[[ DATA FOR REVIEW, beginning ]]

lemma borel_measurable_AE_limit:
  fixes S :: "nat \<Rightarrow> 'a \<Rightarrow> 'b::banach"
  assumes meas: "\<And>k. S k \<in> borel_measurable M"
    and conv: "AE t in M. convergent (\<lambda>k. S k t)"
  obtains g where "g \<in> borel_measurable M" and "AE t in M. (\<lambda>k. S k t) \<longlonglongrightarrow> g t"
proof -
  from conv obtain N where N: "\<And>t. t \<in> space M - N \<Longrightarrow> convergent (\<lambda>k. S k t)"
    and null: "N \<in> null_sets M"
    by (elim AE_E3) blast
  have [measurable]: "N \<in> sets M"
    using null by (rule null_setsD2)
  \<comment> \<open>On \<open>N\<close> the value of \<open>lim\<close> is unspecified; zeroing \<open>S\<close> there makes the limit exist everywhere.\<close>
  define F where "F k t = (if t \<in> N then 0 else S k t)" for k t
  define g where "g t = lim (\<lambda>k. F k t)" for t
  have F_meas: "F k \<in> borel_measurable M" for k
    unfolding F_def using meas by measurable
  have F_lim: "(\<lambda>k. F k t) \<longlonglongrightarrow> g t" if "t \<in> space M" for t
    using N that unfolding g_def F_def by (cases "t \<in> N") (auto simp: convergent_LIMSEQ_iff)
  have "g \<in> borel_measurable M"
    using F_meas F_lim by (rule borel_measurable_LIMSEQ_metric)
  moreover have "AE t in M. (\<lambda>k. S k t) \<longlonglongrightarrow> g t"
    using AE_not_in[OF null]
  proof (rule AE_mp, intro AE_I2 impI)
    fix t assume "t \<in> space M" and "t \<notin> N"
    then show "(\<lambda>k. S k t) \<longlonglongrightarrow> g t"
      using F_lim[of t] by (simp add: F_def)
  qed
  ultimately show ?thesis
    by (rule that)
qed

lemma nn_integral_square_norm_limit_le:
  fixes S :: "nat \<Rightarrow> 'a \<Rightarrow> 'b::real_normed_vector"
  assumes meas: "\<And>k. (\<lambda>t. norm (S k t - h t)) \<in> borel_measurable M"
    and lim: "AE t in M. (\<lambda>k. S k t) \<longlonglongrightarrow> g t"
    and bound: "eventually (\<lambda>k. (\<integral>\<^sup>+t. ennreal ((norm (S k t - h t))\<^sup>2) \<partial>M) \<le> e) sequentially"
  shows "(\<integral>\<^sup>+t. ennreal ((norm (g t - h t))\<^sup>2) \<partial>M) \<le> e"
proof -
  have "(\<integral>\<^sup>+t. ennreal ((norm (g t - h t))\<^sup>2) \<partial>M)
      = (\<integral>\<^sup>+t. liminf (\<lambda>k. ennreal ((norm (S k t - h t))\<^sup>2)) \<partial>M)"
  proof (rule nn_integral_cong_AE)
    show "AE t in M. ennreal ((norm (g t - h t))\<^sup>2) = liminf (\<lambda>k. ennreal ((norm (S k t - h t))\<^sup>2))"
      using lim
    proof (rule AE_mp, intro AE_I2 impI)
      fix t assume "(\<lambda>k. S k t) \<longlonglongrightarrow> g t"
      then have "(\<lambda>k. ennreal ((norm (S k t - h t))\<^sup>2)) \<longlonglongrightarrow> ennreal ((norm (g t - h t))\<^sup>2)"
        by (intro tendsto_intros)
      then show "ennreal ((norm (g t - h t))\<^sup>2) = liminf (\<lambda>k. ennreal ((norm (S k t - h t))\<^sup>2))"
        by (metis lim_imp_Liminf trivial_limit_sequentially)
    qed
  qed
  also have "\<dots> \<le> liminf (\<lambda>k. \<integral>\<^sup>+t. ennreal ((norm (S k t - h t))\<^sup>2) \<partial>M)"
    by (rule nn_integral_liminf) (use meas in measurable)
  also have "\<dots> \<le> limsup (\<lambda>k. \<integral>\<^sup>+t. ennreal ((norm (S k t - h t))\<^sup>2) \<partial>M)"
    by (rule Liminf_le_Limsup) simp
  also have "\<dots> \<le> e"
    using bound by (rule Limsup_bounded)
  finally show ?thesis .
qed

(* Measurability of the norms of differences is assumed separately: in a non-separable Banach
   space the difference of two Borel measurable functions need not be Borel measurable. *)
lemma L2_Cauchy_imp_convergent:
  fixes S :: "nat \<Rightarrow> 'a \<Rightarrow> 'b::banach"
  assumes meas: "\<And>n. S n \<in> borel_measurable M"
    and meas_diff: "\<And>m n. (\<lambda>t. norm (S n t - S m t)) \<in> borel_measurable M"
    and Cauchy: "\<And>e. 0 < e \<Longrightarrow> \<exists>N. \<forall>m\<ge>N. \<forall>n\<ge>m.
        (\<integral>\<^sup>+t. ennreal ((norm (S n t - S m t))\<^sup>2) \<partial>M) \<le> ennreal e"
  obtains g where "g \<in> borel_measurable M"
    and "(\<lambda>n. \<integral>\<^sup>+t. ennreal ((norm (S n t - g t))\<^sup>2) \<partial>M) \<longlonglongrightarrow> 0"
proof -
  have "\<exists>N. \<forall>m\<ge>N. \<forall>n\<ge>m. (\<integral>\<^sup>+t. ennreal ((norm (S n t - S m t))\<^sup>2) \<partial>M) \<le> ennreal ((1/4)^k)"
    for k :: nat
    by (rule Cauchy) simp
  then obtain N where N: "\<And>k m n. N k \<le> m \<Longrightarrow> m \<le> n \<Longrightarrow>
      (\<integral>\<^sup>+t. ennreal ((norm (S n t - S m t))\<^sup>2) \<partial>M) \<le> ennreal ((1/4)^k)"
    by metis
  define \<sigma> where "\<sigma> k = k + (\<Sum>i\<le>k. N i)" for k
  have \<sigma>_ge_N: "N k \<le> \<sigma> k" and \<sigma>_ge: "k \<le> \<sigma> k" and \<sigma>_mono: "\<sigma> k \<le> \<sigma> (Suc k)" for k
    unfolding \<sigma>_def using member_le_sum[of k "{..k}" N] by auto
  have "AE t in M. convergent (\<lambda>k. S (\<sigma> k) t)"
    using meas_diff N[OF \<sigma>_ge_N \<sigma>_mono] by (rule AE_convergent_if_L2_increments_geometric)
  with meas obtain g where g_meas: "g \<in> borel_measurable M"
    and g_lim: "AE t in M. (\<lambda>k. S (\<sigma> k) t) \<longlonglongrightarrow> g t"
    by (rule borel_measurable_AE_limit)
  have Limsup_le: "Limsup sequentially (\<lambda>n. \<integral>\<^sup>+t. ennreal ((norm (S n t - g t))\<^sup>2) \<partial>M) \<le> ennreal e"
    if "0 < e" for e
  proof -
    from Cauchy[OF that] obtain Ne where Ne: "\<And>m n. Ne \<le> m \<Longrightarrow> m \<le> n \<Longrightarrow>
        (\<integral>\<^sup>+t. ennreal ((norm (S n t - S m t))\<^sup>2) \<partial>M) \<le> ennreal e"
      by blast
    have "(\<integral>\<^sup>+t. ennreal ((norm (g t - S m t))\<^sup>2) \<partial>M) \<le> ennreal e" if "Ne \<le> m" for m
    proof (rule nn_integral_square_norm_limit_le[OF meas_diff g_lim])
      show "eventually (\<lambda>k. (\<integral>\<^sup>+t. ennreal ((norm (S (\<sigma> k) t - S m t))\<^sup>2) \<partial>M) \<le> ennreal e) sequentially"
        unfolding eventually_sequentially using Ne[OF that] \<sigma>_ge le_trans by blast
    qed
    then have "eventually (\<lambda>m. (\<integral>\<^sup>+t. ennreal ((norm (S m t - g t))\<^sup>2) \<partial>M) \<le> ennreal e) sequentially"
      unfolding eventually_sequentially by (auto simp: norm_minus_commute)
    then show ?thesis
      by (simp add: Limsup_bounded)
  qed
  have "Limsup sequentially (\<lambda>n. \<integral>\<^sup>+t. ennreal ((norm (S n t - g t))\<^sup>2) \<partial>M) \<le> 0"
    by (rule ennreal_le_epsilon) (simp add: Limsup_le)
  with g_meas show ?thesis
    by (intro that tendsto_0_if_Limsup_eq_0_ennreal antisym) auto
qed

[[ DATA FOR REVIEW, end ]]

Copy out only the lines of the records above from the one with "for k :: nat" through the one with "proof (rule nn_integral_square_norm_limit_le[OF", exactly as they stand, both included.

* EXERCISE OUTPUT *
    for k :: nat
    by (rule Cauchy) simp
  then obtain N where N: "\<And>k m n. N k \<le> m \<Longrightarrow> m \<le> n \<Longrightarrow>
      (\<integral>\<^sup>+t. ennreal ((norm (S n t - S m t))\<^sup>2) \<partial>M) \<le> ennreal ((1/4)^k)"
    by metis
  define \<sigma> where "\<sigma> k = k + (\<Sum>i\<le>k. N i)" for k
  have \<sigma>_ge_N: "N k \<le> \<sigma> k" and \<sigma>_ge: "k \<le> \<sigma> k" and \<sigma>_mono: "\<sigma> k \<le> \<sigma> (Suc k)" for k
    unfolding \<sigma>_def using member_le_sum[of k "{..k}" N] by auto
  have "AE t in M. convergent (\<lambda>k. S (\<sigma> k) t)"
    using meas_diff N[OF \<sigma>_ge_N \<sigma>_mono] by (rule AE_convergent_if_L2_increments_geometric)
  with meas obtain g where g_meas: "g \<in> borel_measurable M"
    and g_lim: "AE t in M. (\<lambda>k. S (\<sigma> k) t) \<longlonglongrightarrow> g t"
    by (rule borel_measurable_AE_limit)
  have Limsup_le: "Limsup sequentially (\<lambda>n. \<integral>\<^sup>+t. ennreal ((norm (S n t - g t))\<^sup>2) \<partial>M) \<le> ennreal e"
    if "0 < e" for e
  proof -
    from Cauchy[OF that] obtain Ne where Ne: "\<And>m n. Ne \<le> m \<Longrightarrow> m \<le> n \<Longrightarrow>
        (\<integral>\<^sup>+t. ennreal ((norm (S n t - S m t))\<^sup>2) \<partial>M) \<le> ennreal e"
      by blast
    have "(\<integral>\<^sup>+t. ennreal ((norm (g t - S m t))\<^sup>2) \<partial>M) \<le> ennreal e" if "Ne \<le> m" for m
    proof (rule nn_integral_square_norm_limit_le[OF meas_diff g_lim])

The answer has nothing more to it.